Data under study:
lemma nested_canalizing_has_canalizing_coord:
  assumes "nested_canalizing k n g"
    and sub: "\<forall>j<n. B j \<subseteq> {..<k} \<and> B j \<noteq> {}" and gt: "card (prodsp n B) > 1"
  shows "has_canalizing_coord n B (\<lambda>x. real (g x))"
proof -
  obtain \<sigma> A c where \<sigma>: "\<sigma> permutes {..<n}" and
    H: "\<forall>x\<in>PiE {..<n} (\<lambda>_. {..<k}).
           (\<forall>r<n. (\<forall>s<r. x (\<sigma> s) \<notin> A s) \<and> x (\<sigma> r) \<in> A r \<longrightarrow> g x = c r) \<and>
           ((\<forall>r<n. x (\<sigma> r) \<notin> A r) \<longrightarrow> g x = c n)"
    using assms(1) unfolding nested_canalizing_def by blast
  have \<sigma>_less: "\<sigma> r < n" if "r < n" for r using permutes_in_image[OF \<sigma>] that by simp
  have fin: "\<forall>j<n. finite (B j) \<and> B j \<noteq> {}" using sub by (meson finite_lessThan finite_subset)
  have in_cube: "x \<in> PiE {..<n} (\<lambda>_. {..<k})" if "x \<in> prodsp n B" for x
    using that sub by (auto simp: PiE_iff)
  have in_B: "x (\<sigma> r) \<in> B (\<sigma> r)" if "x \<in> prodsp n B" "r < n" for x r
    using that \<sigma>_less by (auto simp: PiE_iff)
  show ?thesis
  proof (cases "\<exists>r<n. B (\<sigma> r) \<inter> A r \<noteq> {}")
    case True
    then obtain r where r: "r < n" "B (\<sigma> r) \<inter> A r \<noteq> {}"
      and before_r: "\<forall>s<r. B (\<sigma> s) \<inter> A s = {}"
      using exists_least_iff[of "\<lambda>r. r < n \<and> B (\<sigma> r) \<inter> A r \<noteq> {}"] by (metis order.strict_trans)
    then obtain a where a: "a \<in> B (\<sigma> r)" "a \<in> A r" by blast
    have "weakly_canalizing n B (\<lambda>x. real (g x)) (\<sigma> r) a (real (c r))"
      unfolding weakly_canalizing_def
    proof (intro ballI impI)
      fix x assume x: "x \<in> prodsp n B" "x (\<sigma> r) = a"
      have "x (\<sigma> s) \<notin> A s" if "s < r" for s
        using before_r in_B[OF x(1), of s] that r(1) by auto
      thus "real (g x) = real (c r)" using H in_cube[OF x(1)] r(1) x(2) a(2) by auto
    qed
    with fin gt \<sigma>_less[OF r(1)] a(1) show ?thesis by (rule has_canalizing_coord_if_canalizing)
  next
    case False
    have "\<forall>x\<in>prodsp n B. real (g x) = real (c n)"
    proof
      fix x assume x: "x \<in> prodsp n B"
      hence "\<forall>r<n. x (\<sigma> r) \<notin> A r" using False in_B by blast
      thus "real (g x) = real (c n)" using H in_cube[OF x] by simp
    qed
    with fin gt show ?thesis by (rule has_canalizing_coord_if_constant)
  qed
qed
(* Let $(X,\rho)$ be a compact metric space with at least two points and let $T\colon X\to X$ be continuous and topologically weakly mixing. There exist numbers $\delta_d\in(0,1)$, $d\ge2$, and a Mycielski set $M\subset X$ such that for every $d\ge2$, all pairwise distinct $x_1,\dots,x_d\in M$ and all integers $s_1,\dots,s_d\ge0$, the $d$-tuple $(T^{s_1}x_1,\dots,T^{s_d}x_d)$ is $\delta_d$-Li-Yorke. Moreover $\omega(x,T)=X$ for every $x\in M$.
   Context: $T$ is topologically weakly mixing if $T\times T$ is topologically transitive. A Mycielski set is a countable union of Cantor sets. A $d$-tuple is $\delta$-Li-Yorke if $\liminf_n\max_{i,j}\rho(T^nx_i,T^nx_j)=0$ and $\limsup_n\min_{i\ne j}\rho(T^nx_i,T^nx_j)>\delta$. $\omega(x,T)$ is the $\omega$-limit set of $x$. *)

theory Defs
  imports "HOL-Analysis.Analysis"
begin

definition top_transitive :: "'a::topological_space set \<Rightarrow> ('a \<Rightarrow> 'a) \<Rightarrow> bool" where
  "top_transitive X f \<longleftrightarrow>
     (\<forall>U V. openin (top_of_set X) U \<and> openin (top_of_set X) V \<and> U \<noteq> {} \<and> V \<noteq> {}
        \<longrightarrow> (\<exists>n. (f ^^ n) ` U \<inter> V \<noteq> {}))"

definition weakly_mixing :: "'a::topological_space set \<Rightarrow> ('a \<Rightarrow> 'a) \<Rightarrow> bool" where
  "weakly_mixing X T \<longleftrightarrow> top_transitive (X \<times> X) (\<lambda>(x, y). (T x, T y))"

definition cantor_set :: "'a::metric_space set \<Rightarrow> bool" where
  "cantor_set C \<longleftrightarrow> C \<noteq> {} \<and> compact C \<and> (\<forall>x\<in>C. x islimpt C) \<and>
     (\<forall>S. S \<subseteq> C \<and> connected S \<longrightarrow> (\<exists>a. S \<subseteq> {a}))"

definition mycielski_set :: "'a::metric_space set \<Rightarrow> bool" where
  "mycielski_set M \<longleftrightarrow> (\<exists>\<C>. countable \<C> \<and> \<C> \<noteq> {} \<and> (\<forall>C\<in>\<C>. cantor_set C) \<and> M = \<Union>\<C>)"

definition li_yorke_tuple :: "('a::metric_space \<Rightarrow> 'a) \<Rightarrow> nat \<Rightarrow> real \<Rightarrow> (nat \<Rightarrow> 'a) \<Rightarrow> bool" where
  "li_yorke_tuple T d \<delta> x \<longleftrightarrow>
     liminf (\<lambda>n. ereal (Max {dist ((T ^^ n) (x i)) ((T ^^ n) (x j)) | i j. i < d \<and> j < d})) = 0 \<and>
     limsup (\<lambda>n. ereal (Min {dist ((T ^^ n) (x i)) ((T ^^ n) (x j)) | i j. i < d \<and> j < d \<and> i \<noteq> j}))
       > ereal \<delta>"

definition omega_limit :: "('a::metric_space \<Rightarrow> 'a) \<Rightarrow> 'a \<Rightarrow> 'a set" where
  "omega_limit T x = {y. \<exists>r. strict_mono r \<and> (\<lambda>k. (T ^^ r k) x) \<longlonglongrightarrow> y}"

end

theory Submission
  imports Defs
begin

text \<open>
  The set \<open>M\<close> is the limit set of a Cantor scheme: at level \<open>m\<close> there are \<open>2^m\<close> disjoint
  compact cells of diameter at most \<open>2/(m+1)\<close>, indexed by binary words, each contained in its
  parent. Weak mixing implies mixing of all orders in Furstenberg's sense: for finitely many
  nonempty open pairs \<open>(U\<^sub>i, V\<^sub>i)\<close> there are arbitrarily large common times \<open>n\<close> with
  \<open>T\<^sup>n U\<^sub>i \<inter> V\<^sub>i \<noteq> {}\<close>. Hence, when building level \<open>m\<close>, the cells can be shrunk so that for
  every choice of distinct cells, delays \<open>s\<^sub>i \<le> m\<close> and targets from a finite set, a single
  time \<open>n \<ge> m\<close> carries all delayed cells close to their targets. A common target makes the
  tuples proximal, fixed separated targets \<open>p\<^sub>0, \<dots>, p\<^bsub>d-1\<^esub>\<close> keep them \<open>\<delta>\<^sub>d\<close>-apart infinitely
  often, and targets from finer and finer nets make every orbit dense.
\<close>

lemma funpow_apply_swap: "(f ^^ m) ((f ^^ n) x) = (f ^^ n) ((f ^^ m) x)"
  by (metis funpow_add add.commute comp_apply)
(* There is an absolute constant $c>0$ such that the following holds. Let $A=\{a_1<\dots<a_k\}$ and $A'=\{a'_1<\dots<a'_k\}$ be sets of real numbers, each with $k$ elements, having distinct pairs of consecutive differences, and let $B,B'$ be arbitrary finite nonempty sets of real numbers. Then \[ |A+B|\cdot|A'+B'|\ge c\left(k^3|B||B'|\right)^{1/2}. \] In particular, if $k=|A|=|A'|=|B|=|B'|$, then $|A+B|\cdot|A'+B'|\ge c\,k^{5/2}$.
   Context: For finite $X,Y\subset\mathbb{R}$, $X+Y=\{x+y:x\in X,y\in Y\}$. For $1\le i\le k-1$ let $d_i=a_{i+1}-a_i$ and $d'_i=a'_{i+1}-a'_i$. The sets $A$ and $A'$ have distinct pairs of consecutive differences if the ordered pairs $(d_i,d'_i)$, $1\le i\le k-1$, are pairwise distinct. *)

theory Defs
  imports "HOL-Analysis.Analysis"
begin

definition sumset :: "real set \<Rightarrow> real set \<Rightarrow> real set" where
  "sumset X Y = {x + y | x y. x \<in> X \<and> y \<in> Y}"

text \<open>The i-th element (0-based) of a finite real set in increasing order.\<close>
definition elem :: "real set \<Rightarrow> nat \<Rightarrow> real" where
  "elem A i = sorted_list_of_set A ! i"

definition cdiff :: "real set \<Rightarrow> nat \<Rightarrow> real" where
  "cdiff A i = elem A (Suc i) - elem A i"

definition distinct_diff_pairs :: "real set \<Rightarrow> real set \<Rightarrow> bool" where
  "distinct_diff_pairs A A' \<longleftrightarrow>
     inj_on (\<lambda>i. (cdiff A i, cdiff A' i)) {..< card A - 1}"

end

theory Submission
  imports Defs
begin

text \<open>Measure distances in \<open>S = A + B\<close> by ranks. For fixed \<open>b \<in> B\<close> the points \<open>a\<^sub>i + b\<close> increase
  through \<open>S\<close>, so their rank steps sum to at most \<open>|S|\<close>, and for all but \<open>k/4\<close> indices \<open>i\<close> the
  step is at most \<open>M = 4|S|/k\<close>; likewise for \<open>A' + B'\<close>. Hence each pair \<open>(b, b')\<close> has at least
  \<open>k/4\<close> indices \<open>i\<close> at which both steps are small. Sending \<open>(b, b', i)\<close> to the two pairs
  \<open>(a\<^sub>i + b, a\<^sub>i\<^sub>+\<^sub>1 + b)\<close> and \<open>(a'\<^sub>i + b', a'\<^sub>i\<^sub>+\<^sub>1 + b')\<close> is injective, because the pairs
  determine \<open>(d\<^sub>i, d'\<^sub>i)\<close> and hence \<open>i\<close>. A set \<open>S\<close> has at most \<open>|S|(M + 1)\<close> pairs at rank
  distance at most \<open>M\<close>, so \<open>|B||B'|k/4 \<le> (5|S|\<^sup>2/k)(5|S'|\<^sup>2/k)\<close>.\<close>

definition rank :: "'a::linorder set \<Rightarrow> 'a \<Rightarrow> nat" where
  "rank S x = card {s \<in> S. s < x}"

lemma rank_mono: "finite S \<Longrightarrow> x \<le> y \<Longrightarrow> rank S x \<le> rank S y"
  unfolding rank_def by (rule card_mono) auto

lemma rank_le_card: "finite S \<Longrightarrow> rank S x \<le> card S"
  unfolding rank_def by (rule card_mono) auto

lemma rank_strict_mono: "finite S \<Longrightarrow> x \<in> S \<Longrightarrow> x < y \<Longrightarrow> rank S x < rank S y"
  unfolding rank_def by (rule psubset_card_mono) auto

lemma inj_on_rank: "finite S \<Longrightarrow> inj_on (rank S) S"
  by (metis inj_onI linorder_neqE nat_neq_iff rank_strict_mono)

definition close_pairs :: "'a::linorder set \<Rightarrow> real \<Rightarrow> ('a \<times> 'a) set" where
  "close_pairs S M = {(x, y). x \<in> S \<and> y \<in> S \<and> rank S x \<le> rank S y \<and>
                               real (rank S y) \<le> real (rank S x) + M}"

lemma card_close_pairs_le:
  assumes S: "finite S" and M: "M \<ge> 0"
  shows "real (card (close_pairs S M)) \<le> real (card S) * (M + 1)"
proof -
  define Y where "Y x = {y \<in> S. rank S x \<le> rank S y \<and> real (rank S y) \<le> real (rank S x) + M}" for x
  have pairs_eq: "close_pairs S M = Sigma S Y"
    unfolding close_pairs_def Y_def by auto
  have card_Y: "card (Y x) \<le> nat \<lfloor>M\<rfloor> + 1" for x
  proof -
    have "rank S ` Y x \<subseteq> {rank S x .. rank S x + nat \<lfloor>M\<rfloor>}"
    proof (clarsimp simp: Y_def)
      fix y assume "rank S x \<le> rank S y" "real (rank S y) \<le> real (rank S x) + M"
      then have "rank S y - rank S x \<le> nat \<lfloor>M\<rfloor>" by (intro le_nat_floor) simp
      then show "rank S y \<le> rank S x + nat \<lfloor>M\<rfloor>" by simp
    qed
    then have "card (rank S ` Y x) \<le> card {rank S x .. rank S x + nat \<lfloor>M\<rfloor>}"
      by (intro card_mono) auto
    then have "card (rank S ` Y x) \<le> nat \<lfloor>M\<rfloor> + 1" by simp
    moreover have "inj_on (rank S) (Y x)"
      using inj_on_rank[OF S] by (rule inj_on_subset) (auto simp: Y_def)
    ultimately show ?thesis by (simp add: card_image)
  qed
  have "card (Sigma S Y) = (\<Sum>x\<in>S. card (Y x))"
    using S by (simp add: Y_def)
  also have "\<dots> \<le> card S * (nat \<lfloor>M\<rfloor> + 1)"
    using sum_bounded_above[of S "\<lambda>x. card (Y x)"] card_Y by (metis of_nat_id)
  finally have "real (card (Sigma S Y)) \<le> real (card S) * (real (nat \<lfloor>M\<rfloor>) + 1)"
    by (metis of_nat_1 of_nat_add of_nat_le_iff of_nat_mult)
  also have "\<dots> \<le> real (card S) * (M + 1)"
    using M by (intro mult_left_mono) auto
  finally show ?thesis by (simp add: pairs_eq)
qed

lemma card_large_steps_mult_le:
  fixes f :: "nat \<Rightarrow> real"
  assumes mono: "\<And>i. i < n \<Longrightarrow> f i \<le> f (Suc i)" and "M \<ge> 0"
  shows "real (card {i \<in> {..<n}. M < f (Suc i) - f i}) * M \<le> f n - f 0"
proof -
  let ?L = "{i \<in> {..<n}. M < f (Suc i) - f i}"
  have "real (card ?L) * M = (\<Sum>i\<in>?L. M)" by simp
  also have "\<dots> \<le> (\<Sum>i\<in>?L. f (Suc i) - f i)" by (rule sum_mono) auto
  also have "\<dots> \<le> (\<Sum>i<n. f (Suc i) - f i)"
    by (rule sum_mono2) (auto intro: mono)
  also have "\<dots> = f n - f 0" by (rule sum_lessThan_telescope)
  finally show ?thesis .
qed

lemma card_both_lessThan_ge:
  "n \<le> card {i \<in> {..<n}. P i \<and> Q i} + card {i \<in> {..<n}. \<not> P i} + card {i \<in> {..<n}. \<not> Q i}"
proof -
  let ?G = "{i \<in> {..<n}. P i \<and> Q i}" and ?P = "{i \<in> {..<n}. \<not> P i}" and ?Q = "{i \<in> {..<n}. \<not> Q i}"
  have "{..<n} = ?G \<union> ?P \<union> ?Q" by auto
  then have "n = card (?G \<union> ?P \<union> ?Q)" by (metis card_lessThan)
  also have "\<dots> \<le> card (?G \<union> ?P) + card ?Q" by (rule card_Un_le)
  also have "\<dots> \<le> card ?G + card ?P + card ?Q" using card_Un_le[of ?G ?P] by linarith
  finally show ?thesis .
qed

lemma elem_mem: "finite A \<Longrightarrow> i < card A \<Longrightarrow> elem A i \<in> A"
  unfolding elem_def by (metis length_sorted_list_of_set nth_mem set_sorted_list_of_set)

lemma elem_strict_mono: "finite A \<Longrightarrow> i < j \<Longrightarrow> j < card A \<Longrightarrow> elem A i < elem A j"
  unfolding elem_def
  by (metis length_sorted_list_of_set sorted_wrt_nth_less strict_sorted_list_of_set)

lemma sumset_memI: "a \<in> A \<Longrightarrow> b \<in> B \<Longrightarrow> a + b \<in> sumset A B"
  unfolding sumset_def by blast

lemma sumset_commute: "sumset A B = sumset B A"
  unfolding sumset_def by (metis add.commute)

lemma sumset_eq_image: "sumset A B = (\<lambda>(a, b). a + b) ` (A \<times> B)"
  unfolding sumset_def by force

lemma finite_sumset: "finite A \<Longrightarrow> finite B \<Longrightarrow> finite (sumset A B)"
  by (simp add: sumset_eq_image)

lemma card_le_card_sumset:
  assumes "finite A" "finite B" "b \<in> B"
  shows "card A \<le> card (sumset A B)"
proof -
  have "(\<lambda>a. a + b) ` A \<subseteq> sumset A B" using assms sumset_memI by blast
  then have "card ((\<lambda>a. a + b) ` A) \<le> card (sumset A B)"
    using assms by (intro card_mono finite_sumset)
  then show ?thesis by (simp add: card_image)
qed

definition translate_gap :: "real set \<Rightarrow> real set \<Rightarrow> real \<Rightarrow> nat \<Rightarrow> real" where
  "translate_gap S A b i = real (rank S (elem A (Suc i) + b)) - real (rank S (elem A i + b))"

lemma card_large_translate_gaps_le:
  assumes A: "finite A" "card A = k" and B: "finite B" "b \<in> B"
  defines "S \<equiv> sumset A B"
  shows "real (card {i \<in> {..<k - 1}. 4 * real (card S) / real k < translate_gap S A b i})
           \<le> real k / 4"
proof (cases "k = 0")
  case False
  let ?s = "real (card S)" and ?r = "\<lambda>j. real (rank S (elem A j + b))"
  have S: "finite S" unfolding S_def using A B by (simp add: finite_sumset)
  have "k \<le> card S" unfolding S_def using A B card_le_card_sumset by blast
  then have M_pos: "4 * ?s / real k > 0" using False by simp
  have "?r i \<le> ?r (Suc i)" if "i < k - 1" for i
  proof -
    have "elem A i < elem A (Suc i)" using that A elem_strict_mono by simp
    then show ?thesis using rank_mono[OF S] by simp
  qed
  then have "real (card {i \<in> {..<k - 1}. 4 * ?s / real k < ?r (Suc i) - ?r i}) * (4 * ?s / real k)
               \<le> ?r (k - 1) - ?r 0"
    using M_pos by (intro card_large_steps_mult_le) auto
  also have "\<dots> \<le> ?s"
    using rank_le_card[OF S, of "elem A (k - 1) + b"] by simp
  finally show ?thesis
    using M_pos False by (simp add: translate_gap_def field_simps)
qed simp

lemma consecutive_translates_mem_close_pairs:
  assumes A: "finite A" "Suc i < card A" and B: "finite B" "b \<in> B"
    and gap: "translate_gap (sumset A B) A b i \<le> M"
  shows "(elem A i + b, elem A (Suc i) + b) \<in> close_pairs (sumset A B) M"
proof -
  have "elem A i < elem A (Suc i)" using A elem_strict_mono by blast
  then show ?thesis
    using assms elem_mem[OF A(1)] rank_mono[OF finite_sumset[OF A(1) B(1)]]
    by (auto simp: close_pairs_def translate_gap_def intro: sumset_memI)
qed

lemma inj_on_consecutive_translates:
  assumes "distinct_diff_pairs A A'" "card A = k"
  shows "inj_on (\<lambda>((b, b'), i). ((elem A i + b, elem A (Suc i) + b),
                                  (elem A' i + b', elem A' (Suc i) + b')))
                (X \<times> {..<k - 1})"
proof -
  have index_eq: "i = j"
    if "i < k - 1" "j < k - 1" "cdiff A i = cdiff A j" "cdiff A' i = cdiff A' j" for i j
    using assms that by (auto simp: distinct_diff_pairs_def inj_on_def)
  show ?thesis
  proof (rule inj_onI, clarsimp)
    fix b b' i c c' j
    assume "i < k - Suc 0" "j < k - Suc 0"
      "elem A i + b = elem A j + c" "elem A (Suc i) + b = elem A (Suc j) + c"
      "elem A' i + b' = elem A' j + c'" "elem A' (Suc i) + b' = elem A' (Suc j) + c'"
    moreover from this have "i = j" by (intro index_eq) (auto simp: cdiff_def)
    ultimately show "b = c \<and> b' = c' \<and> i = j" by simp
  qed
qed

Aim of the exercise: Find and copy each line above holding "that".

Output of the task:
  have \<sigma>_less: "\<sigma> r < n" if "r < n" for r using permutes_in_image[OF \<sigma>] that by simp
    using that sub by (auto simp: PiE_iff)
    using that \<sigma>_less by (auto simp: PiE_iff)
        using before_r in_B[OF x(1), of s] that r(1) by auto
(* Let $(X,\rho)$ be a compact metric space with at least two points and let $T\colon X\to X$ be continuous and topologically weakly mixing. There exist numbers $\delta_d\in(0,1)$, $d\ge2$, and a Mycielski set $M\subset X$ such that for every $d\ge2$, all pairwise distinct $x_1,\dots,x_d\in M$ and all integers $s_1,\dots,s_d\ge0$, the $d$-tuple $(T^{s_1}x_1,\dots,T^{s_d}x_d)$ is $\delta_d$-Li-Yorke. Moreover $\omega(x,T)=X$ for every $x\in M$.
  \<open>T\<^sup>n U\<^sub>i \<inter> V\<^sub>i \<noteq> {}\<close>. Hence, when building level \<open>m\<close>, the cells can be shrunk so that for
(* There is an absolute constant $c>0$ such that the following holds. Let $A=\{a_1<\dots<a_k\}$ and $A'=\{a'_1<\dots<a'_k\}$ be sets of real numbers, each with $k$ elements, having distinct pairs of consecutive differences, and let $B,B'$ be arbitrary finite nonempty sets of real numbers. Then \[ |A+B|\cdot|A'+B'|\ge c\left(k^3|B||B'|\right)^{1/2}. \] In particular, if $k=|A|=|A'|=|B|=|B'|$, then $|A+B|\cdot|A'+B'|\ge c\,k^{5/2}$.
    have "elem A i < elem A (Suc i)" using that A elem_strict_mono by simp
    using assms that by (auto simp: distinct_diff_pairs_def inj_on_def)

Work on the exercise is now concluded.